Journal of Integrative Agriculture ›› 2026, Vol. 25 ›› Issue (5): 1857-1870.DOI: 10.1016/j.jia.2025.02.032

灌浆期适度限制供水通过重新分配细胞分裂素促进小麦氮素由源到库的转运

收稿日期:2024-10-11 修回日期:2025-02-19 接受日期:2025-01-08 出版日期:2026-05-20 发布日期:2026-04-09

Cytokinins redistributing drives nitrogen remobilization from source to sink in wheat under moderate water limitation during grain filling

Ying Liu^{1, 2}, Jiangyao Fu^{1, 2}, Haotian Chen^{1, 2}, Yajun Zhang^{1, 2},Siyu Li^{1, 2}, Kuanyu Zhu^{1, 2}, Yunji Xu³, Weilu Wang³, Junfei Gu^{1, 2}, Hao Zhang^{1, 2}, Zhiqin Wang^{1, 2}, Lijun Liu^{1, 2}, Jianhua Zhang^{4, 5}, Weiyang Zhang^{1, 2#}, Jianchang Yang^{1, 2#}

¹Jiangsu Key Laboratory of Crop Genetics and Physiology/Jiangsu Key Laboratory of Crop Cultivation and Physiology/Agricultural College, Yangzhou University, Yangzhou 225009, China
²Jiangsu Co-Innovation Center for Modern Production Technology of Grain Crops, Yangzhou University, Yangzhou 225009, China
³Joint International Research Laboratory of Agriculture and Agri-Product Safety, Yangzhou University, Yangzhou 225009, China
⁴Department of Biology, Hong Kong Baptist University, Hong Kong 999077, China
⁵State Key Laboratory of Agrobiotechnology, The Chinese University of Hong Kong, Hong Kong 999077, China

Received:2024-10-11 Revised:2025-02-19 Accepted:2025-01-08 Online:2026-05-20 Published:2026-04-09
About author:#Correspondence Weiyang Zhang, E-mail: wyz@yzu.edu.cn; Jianchang Yang, E-mail: jcyang@yzu.edu.cn
Supported by:
This work was supported by the National Natural Science Foundation of China (32572422 and 32272198), the Top Talent Supporting Program of Yangzhou University, China (YZU-2028-01), the Priority Academic Program Development of Jiangsu Higher Education Institutions, China (PAPD), and the Government Funding to the Chinese University of Hong Kong State Key Laboratory of Agrobiotechnology via Innovation and Technology Commission, China (2022/23–2023/24).

摘要/Abstract

摘要：

本研究探讨了细胞分裂素在适度限制供水（MWL）调控小麦灌浆期氮素从源到库转运过程中的作用。
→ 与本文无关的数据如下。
lemma hom_image_idem_le:
  assumes hom: "\<And>x y. x \<in> S \<Longrightarrow> y \<in> S \<Longrightarrow> h (x * y) = h x * h y"
    and "u \<in> S" and "v \<in> S" and "u * u = u" and "idem_le u v"
  shows "h u * h u = h u" and "idem_le (h u) (h v)"
  using assms by (metis idem_le_def)+

lemma absorbing_action_const_below_minimal_idempotent:
  assumes act: "monoid_acts_by_cont_endos M act U"
    and absorb: "\<forall>a\<in>M. \<forall>b\<in>M. b \<noteq> 1 \<longrightarrow> a * b = b"
    and "e \<in> M" "e \<noteq> 1" "a \<in> M" "a \<noteq> 1"
    and v: "minimal_idempotent (act e ` U) v"
    and u: "u \<in> idempotents U" "idem_le u v"
  shows "act a u = v"
proof -
  have act_mult: "\<And>a b x. a \<in> M \<Longrightarrow> b \<in> M \<Longrightarrow> x \<in> U \<Longrightarrow> act (a * b) x = act a (act b x)"
    and maps: "act a ` U \<subseteq> U"
    and hom: "\<And>x y. x \<in> U \<Longrightarrow> y \<in> U \<Longrightarrow> act a (x * y) = act a x * act a y"
    using act \<open>a \<in> M\<close> unfolding monoid_acts_by_cont_endos_def by blast+
  have "u \<in> U" "u * u = u"
    using u unfolding idempotents_def by auto
  obtain x where "x \<in> U" and vx: "v = act e x"
    using v unfolding minimal_idempotent_def idempotents_def by blast
  have "act a v = v" and "v \<in> U"
    using act_mult[OF \<open>a \<in> M\<close> \<open>e \<in> M\<close> \<open>x \<in> U\<close>] absorb assms(3-5) vx \<open>x \<in> U\<close> maps
      act \<open>e \<in> M\<close> unfolding monoid_acts_by_cont_endos_def by (metis image_subset_iff)+
  have "act a u \<in> act e ` U"
    using act_mult[OF \<open>e \<in> M\<close> \<open>a \<in> M\<close> \<open>u \<in> U\<close>] absorb assms(3-6) maps \<open>u \<in> U\<close>
    by (metis image_eqI image_subset_iff)
  moreover have "act a u * act a u = act a u" "idem_le (act a u) v"
    using hom_image_idem_le[OF hom \<open>u \<in> U\<close> \<open>v \<in> U\<close> \<open>u * u = u\<close> u(2)] \<open>act a v = v\<close> by auto
  ultimately show ?thesis
    using v unfolding minimal_idempotent_def idempotents_def by blast
qed

theorem lemma2p6:
  fixes U :: "('a::{t2_space,semigroup_mult}) set"
    and M :: "('m::monoid_mult) set"
    and act :: "'m \<Rightarrow> 'a \<Rightarrow> 'a"
  assumes "U \<noteq> {}" and "compact U" and "right_topological_semigroup U"
    and "finite M" and "monoid_acts_by_cont_endos M act U"
    and "\<forall>a\<in>M. \<forall>b\<in>M. b \<noteq> 1 \<longrightarrow> a * b = b"
  shows "\<exists>u1. minimal_idempotent U u1 \<and> u1 \<in> smallest_ideal U \<and>
           (\<forall>a\<in>M. \<forall>b\<in>M. a \<noteq> 1 \<and> b \<noteq> 1 \<longrightarrow> act a u1 = act b u1)"
proof (cases "M \<subseteq> {1}")
  case True
  obtain v where "v \<in> idempotents U"
    using idempotents_nonempty[OF assms(3,2,1)] by blast
  with True show ?thesis
    using minimal_idempotent_below[OF assms(3,2)] by blast
next
  case False
  then obtain e where "e \<in> M" "e \<noteq> 1" by blast
  define V where "V = act e ` U"
  have "act e ` U \<subseteq> U" "continuous_on U (act e)"
    and hom: "\<And>x y. x \<in> U \<Longrightarrow> y \<in> U \<Longrightarrow> act e (x * y) = act e x * act e y"
    using assms(5) \<open>e \<in> M\<close> unfolding monoid_acts_by_cont_endos_def by blast+
  then have "V \<subseteq> U" "compact V" "V \<noteq> {}" "right_topological_semigroup V"
    using assms(1-3) compact_continuous_image[OF _ assms(2)]
      right_topological_semigroup_image[OF assms(3) _ hom]
    unfolding V_def by auto
  then obtain v where v: "minimal_idempotent V v"
    using idempotents_nonempty minimal_idempotent_below by blast
  then have "v \<in> idempotents U"
    using \<open>V \<subseteq> U\<close> unfolding minimal_idempotent_def idempotents_def by blast
  then obtain u where "minimal_idempotent U u" "u \<in> smallest_ideal U" "idem_le u v"
    using minimal_idempotent_below[OF assms(3,2)] by blast
  moreover have "u \<in> idempotents U"
    using \<open>minimal_idempotent U u\<close> unfolding minimal_idempotent_def by blast
  ultimately show ?thesis
    using absorbing_action_const_below_minimal_idempotent[OF assms(5,6) \<open>e \<in> M\<close> \<open>e \<noteq> 1\<close>
        _ _ v[unfolded V_def]] by metis
qed

end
采用低氮（LN）、中氮（MN）和高氮（HN）三种施氮水平进行田间实验，并在每个氮肥施用水平下设置了两种土壤水分处理：常规充充分灌溉（CWW）和花后适度限制供水（MWL）。结果表明，MWL处理优化了氮素、总游离氨基酸、反式玉米烯（Z）和反式玉米烯核苷（ZR）从源器官（茎和叶）向库器官（穗）的再分配。与CWW处理相比，MWL处理下茎和叶中的蛋白水解酶（包括内肽酶、羧肽酶和氨基肽酶）的活性，以及穗中总游离氨基酸转运蛋白基因的表达水平显著提高，并且与穗中Z+ZR水平密切相关。向茎和叶喷施6-呋喃基氨基嘌呤（KT，一种合成细胞分裂素）显著抑制了蛋白水解酶活性，促进了氮素在茎和叶中的滞留，减少了库器官中的氮积累，从而降低了氮收获指数。相比之下，向穗喷施KT显著上调了FAA转运蛋白基因的表达，减少了源器官（茎和叶）中的氮滞留，增加了库器官（穗）中的氮积累，并提高了氮收获指数。在HN条件下，MWL处理对氮源库间转运的促进作用明显强于LN和MN条件。研究结果表明，花后适度限制供水通过重新分配小麦中的细胞分裂素（Z+ZR）来增强氮素从源器官到库器官的再分配，协同增加了小麦的产量和氮素利用效率。

Abstract:

This study examined the involvement of cytokinins in the process by which moderate water limitation (MWL) mediates nitrogen (N) remobilization from source to sink during the grain-filling phase in wheat. Field experiments were performed using N application rates of low (LN), medium (MN), and high (HN). Two soil moisture regimes were implemented for each N rate: conventional well-watered (CWW) and MWL post anthesis. The MWL application optimized N, total free amino acids (FAA), and trans-zeatin (Z)+trans-zeatin riboside (ZR) reallocation from the source organs (stems and leaves) to the sink organ (spikes) in wheat. Compared to those in the CWW regime, the activities of proteolytic enzymes, including endopeptidase, carboxypeptidase, and aminopeptidase within stems and leaves, and the expression levels of total FAA transporter genes in spikes were significantly elevated in the MWL regime, showing a close correlation with the Z+ZR levels in the spikes. Application of kinetin to stems and leaves significantly inhibited proteolytic enzyme activities, promoting N retention in stems and leaves, decreasing N accumulation in the sink organ, and reducing the N harvest index. In contrast, applying kinetin to spikes significantly upregulated expression levels of FAA transporter genes, reducing N retention in stems and leaves, increasing N accumulation in the sink organ, and raising the N harvest index. Such facilitation induced by the MWL in the remobilization of N from source to sink was greater at HN than at LN or MN. Results demonstrate that post-anthesis MWL can significantly intensify the remobilization of N from source to sink, while also synergistically enhancing grain yield and N use efficiency through strategically redistributing cytokinins (Z+ZR) between source and sink in wheat.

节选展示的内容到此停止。